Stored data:
━━━━━━━━━━━━━━━━

lemma monom_eval_remove_key:
  "monom_eval m a = monom_eval (remove_key v m) a * a v ^ Poly_Mapping.lookup m v"
proof -
  let ?S = "insert v (Poly_Mapping.keys m)"
  have "monom_eval m a = (\<Prod>i\<in>?S. a i ^ Poly_Mapping.lookup m i)"
    by (rule monom_eval_superset) auto
  also have "\<dots> = a v ^ Poly_Mapping.lookup m v * (\<Prod>i\<in>?S - {v}. a i ^ Poly_Mapping.lookup m i)"
    by (rule prod.remove) auto
  also have "(\<Prod>i\<in>?S - {v}. a i ^ Poly_Mapping.lookup m i) = monom_eval (remove_key v m) a"
    by (subst monom_eval_superset[of "?S - {v}"]) (auto simp: keys_remove_key lookup_remove_key)
  finally show ?thesis by simp
qed

definition poly_in_var :: "mpoly \<Rightarrow> nat \<Rightarrow> (nat \<Rightarrow> real) \<Rightarrow> real poly" where
  "poly_in_var R v c = (\<Sum>m\<in>Poly_Mapping.keys R.
      monom (Poly_Mapping.lookup R m * monom_eval (remove_key v m) c) (Poly_Mapping.lookup m v))"

definition coeff_in_var :: "mpoly \<Rightarrow> nat \<Rightarrow> nat \<Rightarrow> mpoly" where
  "coeff_in_var R v k = (\<Sum>m\<in>{m\<in>Poly_Mapping.keys R. Poly_Mapping.lookup m v = k}.
      Poly_Mapping.single (remove_key v m) (Poly_Mapping.lookup R m))"

lemma poly_poly_in_var: "poly (poly_in_var R v c) (c v) = meval R c"
  unfolding poly_in_var_def poly_sum poly_monom meval_eq_sum_monom_eval
  by (intro sum.cong refl) (subst (2) monom_eval_remove_key[where v = v], simp add: mult_ac)

lemma poly_in_var_fun_upd: "poly_in_var R v (c(v := t)) = poly_in_var R v c"
  unfolding poly_in_var_def monom_eval_def by (intro sum.cong prod.cong) (auto simp: keys_remove_key)

lemma coeff_poly_in_var: "coeff (poly_in_var R v c) k = meval (coeff_in_var R v k) c"
  by (simp add: poly_in_var_def coeff_sum coeff_monom coeff_in_var_def meval_sum
      sum.inter_filter[symmetric] if_distrib[of "\<lambda>x. x = k"] cong: if_cong)

lemma lookup_coeff_in_var:
  assumes "m \<in> Poly_Mapping.keys R"
  shows "Poly_Mapping.lookup (coeff_in_var R v (Poly_Mapping.lookup m v)) (remove_key v m)
    = Poly_Mapping.lookup R m"
  using assms
  by (simp add: coeff_in_var_def lookup_sum lookup_single when_def remove_key_eq_iff
      sum.delta[where a = m] eq_commute[of "remove_key v m"] cong: if_cong)

lemma coeff_in_var_nonzero:
  assumes "m \<in> Poly_Mapping.keys R"
  shows "coeff_in_var R v (Poly_Mapping.lookup m v) \<noteq> 0"
  using lookup_coeff_in_var[OF assms, of v] assms by (auto simp: in_keys_iff)

lemma vars_coeff_in_var: "vars (coeff_in_var R v k) \<subseteq> vars R - {v}"
proof
  fix i assume "i \<in> vars (coeff_in_var R v k)"
  then obtain m where m: "m \<in> Poly_Mapping.keys (coeff_in_var R v k)" "i \<in> Poly_Mapping.keys m"
    by (auto simp: vars_def)
  from m(1) obtain m' where "m' \<in> Poly_Mapping.keys R"
      "m \<in> Poly_Mapping.keys (Poly_Mapping.single (remove_key v m') (Poly_Mapping.lookup R m'))"
    using keys_sum[of "\<lambda>m'. Poly_Mapping.single (remove_key v m') (Poly_Mapping.lookup R m')"
        "{m \<in> Poly_Mapping.keys R. Poly_Mapping.lookup m v = k}"]
    unfolding coeff_in_var_def by blast
  then have "m' \<in> Poly_Mapping.keys R" "m = remove_key v m'"
    by (auto split: if_splits)
  with m(2) show "i \<in> vars R - {v}" by (auto simp: vars_def keys_remove_key)
qed
lemma CN_on_ell_dev:
  fixes \<psi> :: "real^'n \<Rightarrow> real"
  assumes "CN_on cubeI N \<psi>"
  shows "CN_on cubeI N (ell_dev \<psi>)"
proof -
  have eq: "ell_dev \<psi> = (\<lambda>\<xi>. 1 * \<psi> (1 *\<^sub>R \<xi> + 0) + quad_poly 0 0 (mat (-1/2)) \<xi>)"
    by (simp add: quad_poly_mat fun_eq_iff)
  show ?thesis unfolding eq by (rule CN_on_rescale_add_quad_poly[OF assms]) simp
qed

lemma pder_list_eq_ell_dev_add:
  fixes \<psi> :: "real^'n \<Rightarrow> real"
  assumes "CN_on cubeI N \<psi>" "length L \<le> N" "x \<in> cubeI"
  shows "pderI L \<psi> x = pderI L (ell_dev \<psi>) x + pderI L (quad_poly 0 0 (mat (1/2))) x"
proof -
  have eq: "\<psi> = (\<lambda>\<xi>. 1 * ell_dev \<psi> (1 *\<^sub>R \<xi> + 0) + quad_poly 0 0 (mat (1/2)) \<xi>)"
    by (simp add: quad_poly_mat fun_eq_iff)
  have "pderI L \<psi> x = pderI L (\<lambda>\<xi>. 1 * ell_dev \<psi> (1 *\<^sub>R \<xi> + 0) + quad_poly 0 0 (mat (1/2)) \<xi>) x"
    by (subst eq) (rule refl)
  also have "\<dots> = 1 * 1 ^ length L * pderI L (ell_dev \<psi>) (1 *\<^sub>R x + 0) + pderI L (quad_poly 0 0 (mat (1/2))) x"
    by (rule pder_list_rescale_add_quad_poly[OF CN_on_imp_differentiable_upto[OF CN_on_ell_dev[OF assms(1)]
        assms(2)] _ assms(3)]) simp
  finally show ?thesis by simp
qed

lemma grad_eq_grad_ell_dev:
  fixes \<psi> :: "real^'n \<Rightarrow> real"
  assumes "CN_on cubeI N \<psi>" "1 \<le> N" "c \<in> cubeI"
  shows "grad \<psi> c = grad (ell_dev \<psi>) c + c"
proof -
  have "pderI [i] (quad_poly 0 0 (mat (1/2))) c = c $ i" for i
  proof -
    have "(if i = j then 1/2 else 0) + (if j = i then 1/2 else 0) = (if i = j then 1 else (0::real))" for j
      by auto
    moreover have "(if i = j then 1 else 0) * c$j = (if i = j then c$j else 0)" for j by simp
    ultimately show ?thesis
      using pder_list_quad_poly_1[OF assms(3), of i 0 0 "mat (1/2)"] by (simp add: mat_def)
  qed
  then show ?thesis
    using pder_list_eq_ell_dev_add[OF assms(1) _ assms(3), of "[_]"] assms(2)
    by (simp add: grad_def vec_eq_iff)
qed
definition Lop :: "'a measure \<Rightarrow> ('a \<Rightarrow> real) \<Rightarrow> real \<Rightarrow> ('a \<Rightarrow> real) \<Rightarrow> ('a \<Rightarrow> real) \<Rightarrow> 'a \<Rightarrow> real" where
  "Lop M p \<alpha> Q f x = \<alpha> * inner_ref M p f Q + (1 - \<alpha>) * f x * Q x"

definition LNop :: "'a measure \<Rightarrow> ('a \<Rightarrow> real) \<Rightarrow> real \<Rightarrow> ('a \<Rightarrow> real) \<Rightarrow> ('a \<Rightarrow> real) \<Rightarrow> 'a \<Rightarrow> real" where
  "LNop M p \<alpha> Q f x = Lop M p \<alpha> Q f x / inner_ref M p f Q"

end

theory Submission
  imports Defs
begin

(* Writing c = <w, Q>_ref, the equation L_N[w] = w reads w (c - (1 - alpha) Q) = alpha c, so a
   positive density w is a fixed point exactly when w = alpha c / (c - (1 - alpha) Q) with
   c > (1 - alpha) Q a.e. and G(c) = 1, where G(c) is the P_ref-integral of that function.
   On ((1 - alpha) Q_*, infinity) the function G is locally Lipschitz, non-increasing, and
   below 1 for c > Q_*; by Fatou's lemma, as c decreases to (1 - alpha) Q_* it eventually
   exceeds alpha times the integral in the hypothesis, hence 1, and the intermediate value
   theorem yields a root.  G is strictly decreasing unless Q = 0 a.e., in which case G = alpha,
   so the root, and with it the fixed point, is unique. *)

lemma ratio_diff_eq:
  fixes a t c c' :: real
  assumes "t < c" "t < c'"
  shows "a * c / (c - t) - a * c' / (c' - t) = a * t * (c' - c) / ((c - t) * (c' - t))"
  using assms by (simp add: divide_simps) (simp add: algebra_simps)

lemma ratio_antimono:
  fixes a t c c' :: real
  assumes "0 \<le> a" "0 \<le> t" "t < c" "c \<le> c'"
  shows "a * c' / (c' - t) \<le> a * c / (c - t)"
proof -
  have "0 \<le> a * t * (c' - c) / ((c - t) * (c' - t))"
    using assms by (intro divide_nonneg_pos mult_nonneg_nonneg) auto
  then show ?thesis using ratio_diff_eq[of t c c' a] assms by linarith
qed

lemma ratio_eq_imp_eq_0:
  fixes a t c c' :: real
  assumes "a \<noteq> 0" "t < c" "c < c'" "a * c / (c - t) = a * c' / (c' - t)"
  shows "t = 0"
  using ratio_diff_eq[of t c c' a] assms by simp

lemma ratio_lipschitz:
  fixes a t T c c' c0 :: real
  assumes "0 \<le> a" "0 \<le> t" "t \<le> T" "T < c0" "c0 \<le> c" "c0 \<le> c'"
  shows "dist (a * c / (c - t)) (a * c' / (c' - t)) \<le> a * T / (c0 - T)\<^sup>2 * dist c c'"
proof -
  have "(c0 - T)\<^sup>2 \<le> (c - t) * (c' - t)"
    unfolding power2_eq_square using assms by (intro mult_mono) auto
  moreover have "0 < (c0 - T)\<^sup>2" using assms by simp
  ultimately have "a * t * \<bar>c' - c\<bar> / ((c - t) * (c' - t)) \<le> a * T * \<bar>c' - c\<bar> / (c0 - T)\<^sup>2"
    using assms by (intro frac_le mult_mono) auto
  moreover have "dist (a * c / (c - t)) (a * c' / (c' - t)) = a * t * \<bar>c' - c\<bar> / ((c - t) * (c' - t))"
    using ratio_diff_eq[of t c c' a] assms by (simp add: dist_real_def abs_mult abs_divide)
  ultimately show ?thesis by (simp add: dist_real_def abs_minus_commute)
qed

lemma ennreal_inverse_less_imp_one_less_mult:
  fixes I :: ennreal
  assumes "0 < a" and "inverse I < ennreal a"
  shows "1 < ennreal a * I"
proof (cases I)
  case (real i)
  show ?thesis
  proof (cases "i = 0")
    case True
    then show ?thesis using assms real by simp
  next
    case False
    then have "0 < i" using real by simp
    moreover have "inverse i < a"
      using assms real \<open>0 < i\<close> by (simp add: inverse_ennreal ennreal_less_iff)
    ultimately show ?thesis using real assms by (simp add: field_simps ennreal_mult''[symmetric])
  qed
next
  case top
  then show ?thesis using assms by (simp add: ennreal_mult_top)
qed

lemma ennreal_ratio_eq_enn2real:
  fixes a b :: ennreal
  assumes "a \<le> b" "b < \<infinity>"
  shows "(if a = b then \<infinity> else b / (b - a))
    = (if enn2real a = enn2real b then \<infinity> else ennreal (enn2real b / (enn2real b - enn2real a)))"
proof -
  obtain x y where xy: "a = ennreal x" "b = ennreal y" "0 \<le> x" "x \<le> y"
    using assms by (cases a; cases b) (auto simp: ennreal_le_iff top_unique)
  show ?thesis
  proof (cases "x = y")
    case False
    then have "x < y" using xy by simp
    then have "b / (b - a) = ennreal (y / (y - x))"
      using xy by (simp add: ennreal_minus divide_ennreal)
    then show ?thesis using xy False by simp
  qed (use xy in simp)
qed

locale profile_space = prob_space N for N :: "'a measure" +
  fixes q :: "'a \<Rightarrow> real" and S \<alpha> :: real
  assumes q_measurable[measurable]: "q \<in> borel_measurable N"
    and q_nonneg: "x \<in> space N \<Longrightarrow> 0 \<le> q x"
    and q_le_S: "x \<in> space N \<Longrightarrow> q x \<le> S"
    and S_pos: "0 < S"
    and alpha_pos: "0 < \<alpha>" and alpha_less_1: "\<alpha> < 1"
begin

(* N, q and S stand for P_ref, Q and Q_*; profile c is the only possible fixed point w of L_N
   with <w, Q>_ref = c. *)
definition profile :: "real \<Rightarrow> 'a \<Rightarrow> real" where
  "profile c x = \<alpha> * c / (c - (1 - \<alpha>) * q x)"

lemma profile_measurable[measurable]: "profile c \<in> borel_measurable N"
  unfolding profile_def by measurable

lemma AE_q_nonneg: "AE x in N. 0 \<le> q x"
  using q_nonneg by (intro AE_I2) simp

lemma mult_q_le_mult_S: "x \<in> space N \<Longrightarrow> (1 - \<alpha>) * q x \<le> (1 - \<alpha>) * S"
  using q_le_S alpha_less_1 by simp

lemma gt_mult_S_imp_pos: "(1 - \<alpha>) * S < c \<Longrightarrow> 0 < c"
  using S_pos alpha_less_1 by (smt (verit) mult_pos_pos)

━━━━━━━━━━━━━━━━

TASK REQUIREMENTS: There is a line with "c > (1 - alpha)" and a line with "On ((1 - alpha)" above. Copy exactly those two lines and all lines between them, with nothing else.

SOLUTION TO THIS PROBLEM:
   c > (1 - alpha) Q a.e. and G(c) = 1, where G(c) is the P_ref-integral of that function.
   On ((1 - alpha) Q_*, infinity) the function G is locally Lipschitz, non-increasing, and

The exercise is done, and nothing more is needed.